* **EXERCISE OBJECTIVE**:
Could you please find each line in the records that contains the word "dots" and copy it?

[DATA FOR REVIEW]

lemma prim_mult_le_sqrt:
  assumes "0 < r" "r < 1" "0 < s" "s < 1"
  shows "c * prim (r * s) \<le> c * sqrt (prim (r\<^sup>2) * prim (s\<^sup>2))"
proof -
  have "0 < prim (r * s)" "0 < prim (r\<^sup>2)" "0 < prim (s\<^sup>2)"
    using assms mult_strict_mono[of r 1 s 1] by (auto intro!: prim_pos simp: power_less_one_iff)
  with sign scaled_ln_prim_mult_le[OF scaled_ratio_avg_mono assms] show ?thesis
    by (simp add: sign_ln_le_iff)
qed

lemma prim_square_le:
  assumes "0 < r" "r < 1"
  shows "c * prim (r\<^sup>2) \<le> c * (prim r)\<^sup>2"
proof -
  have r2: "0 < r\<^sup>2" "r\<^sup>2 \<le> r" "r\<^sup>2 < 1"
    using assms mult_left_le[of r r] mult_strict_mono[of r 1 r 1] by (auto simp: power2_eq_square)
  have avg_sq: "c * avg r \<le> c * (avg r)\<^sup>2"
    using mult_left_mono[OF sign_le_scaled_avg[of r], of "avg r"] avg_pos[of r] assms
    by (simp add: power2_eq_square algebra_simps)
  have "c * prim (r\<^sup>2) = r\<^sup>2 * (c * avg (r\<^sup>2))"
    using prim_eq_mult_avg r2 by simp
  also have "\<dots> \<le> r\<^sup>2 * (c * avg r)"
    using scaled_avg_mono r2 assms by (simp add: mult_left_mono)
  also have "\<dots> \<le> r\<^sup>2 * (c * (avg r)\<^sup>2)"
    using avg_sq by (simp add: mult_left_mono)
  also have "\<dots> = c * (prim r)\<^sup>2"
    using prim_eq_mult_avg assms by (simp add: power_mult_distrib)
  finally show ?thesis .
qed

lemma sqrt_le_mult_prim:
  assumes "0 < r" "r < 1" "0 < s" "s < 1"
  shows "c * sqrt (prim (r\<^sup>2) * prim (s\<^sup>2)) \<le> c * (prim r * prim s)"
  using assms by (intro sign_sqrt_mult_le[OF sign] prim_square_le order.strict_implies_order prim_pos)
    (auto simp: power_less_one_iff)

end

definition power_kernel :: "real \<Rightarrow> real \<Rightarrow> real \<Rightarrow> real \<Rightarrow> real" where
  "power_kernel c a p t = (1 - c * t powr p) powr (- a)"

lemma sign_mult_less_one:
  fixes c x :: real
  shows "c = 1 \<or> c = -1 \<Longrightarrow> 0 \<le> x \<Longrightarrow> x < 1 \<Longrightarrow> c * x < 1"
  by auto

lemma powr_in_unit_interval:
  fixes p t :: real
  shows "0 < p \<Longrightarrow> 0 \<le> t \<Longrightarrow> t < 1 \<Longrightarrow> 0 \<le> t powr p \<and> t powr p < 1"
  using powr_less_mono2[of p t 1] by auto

[/DATA FOR REVIEW]

* **EXPECTED ANSWER**:
  also have "\<dots> \<le> r\<^sup>2 * (c * avg r)"
  also have "\<dots> \<le> r\<^sup>2 * (c * (avg r)\<^sup>2)"
  also have "\<dots> = c * (prim r)\<^sup>2"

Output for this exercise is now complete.